(* Let $(\{0,1\}^{\mathbb N},\mathbb B_\Pi(\{0,1\}^{\mathbb N}),m,\sigma)$ be an ergodic Markov shift over two symbols, and let $X:\{0,1\}^{\mathbb N}\to\mathbb R$ be a lexicographic-like random variable. Then for every $d\in\mathbb N$ the ordinal partition $\mathcal P^X(d)$ is generating and has the Markov property.
   Context: Markov shift over $A=\{0,\dots,l\}$: given an $(l+1)\times(l+1)$ stochastic matrix $Q=(q_{ij})$ and a stationary probability vector $p=(p_0,\dots,p_l)$ of $Q$ with all $p_a>0$, it is the system $(A^{\mathbb N},\mathbb B_\Pi(A^{\mathbb N}),m,\sigma)$ where $A^{\mathbb N}$ is the space of one-sided sequences $s=(s_0,s_1,\dots)$, $\mathbb B_\Pi$ is the $\sigma$-algebra generated by cylinders $C_{a_0\dots a_{n-1}}=\{s: s_0=a_0,\dots,s_{n-1}=a_{n-1}\}$, $(\sigma s)_j=s_{j+1}$, and $m(C_{a_0\dots a_{n-1}})=p_{a_0}q_{a_0a_1}\cdots q_{a_{n-2}a_{n-1}}$. It is ergodic if every $B$ with $\sigma^{-1}B=B$ has $m(B)\in\{0,1\}$. Lexicographic order: $r\prec s$ iff $r_0<s_0$ or there is $k\in\mathbb N$ with $r_i=s_i$ for $i<k$ and $r_k<s_k$. An observable $X:A^{\mathbb N}\to\mathbb R$ is lexicographic-like if it is injective on a set of full $m$-measure and for all $s\in A^{\mathbb N}$ and $j,n\in\mathbb N_0$: $X(\sigma^j s)\le X(\sigma^n s)$ iff $\sigma^j s\preceq\sigma^n s$. Ordinal pattern: $(x_0,\dots,x_d)$ has pattern $\pi=(r_0,\dots,r_d)\in\Pi_d$ (permutations of $\{0,\dots,d\}$) if $x_{r_0}\ge\dots\ge x_{r_d}$ and $r_{l-1}>r_l$ whenever $x_{r_{l-1}}=x_{r_l}$. The ordinal partition $\mathcal P^X(d)$ consists of the sets $P_\pi=\{s:(X(\sigma^d s),X(\sigma^{d-1}s),\dots,X(s))\text{ has ordinal pattern }\pi\}$, $\pi\in\Pi_d$. A finite measurable partition $\mathcal G=\{G_0,\dots,G_l\}$ is generating if for every measurable $B$ there is $A$ in the $\sigma$-algebra generated by the sets $\sigma^{-n}(G_i)$, $n\in\mathbb N_0$, with $m(A\triangle B)=0$. A finite partition $\mathcal M=\{M_0,\dots,M_l\}$ has the Markov property if for all $n\in\mathbb N$ and $i_0,\dots,i_n$ with $m(M_{i_0}\cap\sigma^{-1}M_{i_1}\cap\dots\cap\sigma^{-(n-1)}M_{i_{n-1}})>0$, $\frac{m(M_{i_0}\cap\sigma^{-1}M_{i_1}\cap\dots\cap\sigma^{-n}M_{i_n})}{m(M_{i_0}\cap\dots\cap\sigma^{-(n-1)}M_{i_{n-1}})}=\frac{m(M_{i_{n-1}}\cap\sigma^{-1}M_{i_n})}{m(M_{i_{n-1}})}$. *)

theory Defs
  imports "HOL-Probability.Probability"
begin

————————

REQUIREMENT:
Output all of the records exactly, with nothing omitted.

THE ANSWER:
(* Let $(\{0,1\}^{\mathbb N},\mathbb B_\Pi(\{0,1\}^{\mathbb N}),m,\sigma)$ be an ergodic Markov shift over two symbols, and let $X:\{0,1\}^{\mathbb N}\to\mathbb R$ be a lexicographic-like random variable. Then for every $d\in\mathbb N$ the ordinal partition $\mathcal P^X(d)$ is generating and has the Markov property.
   Context: Markov shift over $A=\{0,\dots,l\}$: given an $(l+1)\times(l+1)$ stochastic matrix $Q=(q_{ij})$ and a stationary probability vector $p=(p_0,\dots,p_l)$ of $Q$ with all $p_a>0$, it is the system $(A^{\mathbb N},\mathbb B_\Pi(A^{\mathbb N}),m,\sigma)$ where $A^{\mathbb N}$ is the space of one-sided sequences $s=(s_0,s_1,\dots)$, $\mathbb B_\Pi$ is the $\sigma$-algebra generated by cylinders $C_{a_0\dots a_{n-1}}=\{s: s_0=a_0,\dots,s_{n-1}=a_{n-1}\}$, $(\sigma s)_j=s_{j+1}$, and $m(C_{a_0\dots a_{n-1}})=p_{a_0}q_{a_0a_1}\cdots q_{a_{n-2}a_{n-1}}$. It is ergodic if every $B$ with $\sigma^{-1}B=B$ has $m(B)\in\{0,1\}$. Lexicographic order: $r\prec s$ iff $r_0<s_0$ or there is $k\in\mathbb N$ with $r_i=s_i$ for $i<k$ and $r_k<s_k$. An observable $X:A^{\mathbb N}\to\mathbb R$ is lexicographic-like if it is injective on a set of full $m$-measure and for all $s\in A^{\mathbb N}$ and $j,n\in\mathbb N_0$: $X(\sigma^j s)\le X(\sigma^n s)$ iff $\sigma^j s\preceq\sigma^n s$. Ordinal pattern: $(x_0,\dots,x_d)$ has pattern $\pi=(r_0,\dots,r_d)\in\Pi_d$ (permutations of $\{0,\dots,d\}$) if $x_{r_0}\ge\dots\ge x_{r_d}$ and $r_{l-1}>r_l$ whenever $x_{r_{l-1}}=x_{r_l}$. The ordinal partition $\mathcal P^X(d)$ consists of the sets $P_\pi=\{s:(X(\sigma^d s),X(\sigma^{d-1}s),\dots,X(s))\text{ has ordinal pattern }\pi\}$, $\pi\in\Pi_d$. A finite measurable partition $\mathcal G=\{G_0,\dots,G_l\}$ is generating if for every measurable $B$ there is $A$ in the $\sigma$-algebra generated by the sets $\sigma^{-n}(G_i)$, $n\in\mathbb N_0$, with $m(A\triangle B)=0$. A finite partition $\mathcal M=\{M_0,\dots,M_l\}$ has the Markov property if for all $n\in\mathbb N$ and $i_0,\dots,i_n$ with $m(M_{i_0}\cap\sigma^{-1}M_{i_1}\cap\dots\cap\sigma^{-(n-1)}M_{i_{n-1}})>0$, $\frac{m(M_{i_0}\cap\sigma^{-1}M_{i_1}\cap\dots\cap\sigma^{-n}M_{i_n})}{m(M_{i_0}\cap\dots\cap\sigma^{-(n-1)}M_{i_{n-1}})}=\frac{m(M_{i_{n-1}}\cap\sigma^{-1}M_{i_n})}{m(M_{i_{n-1}})}$. *)

theory Defs
  imports "HOL-Probability.Probability"
begin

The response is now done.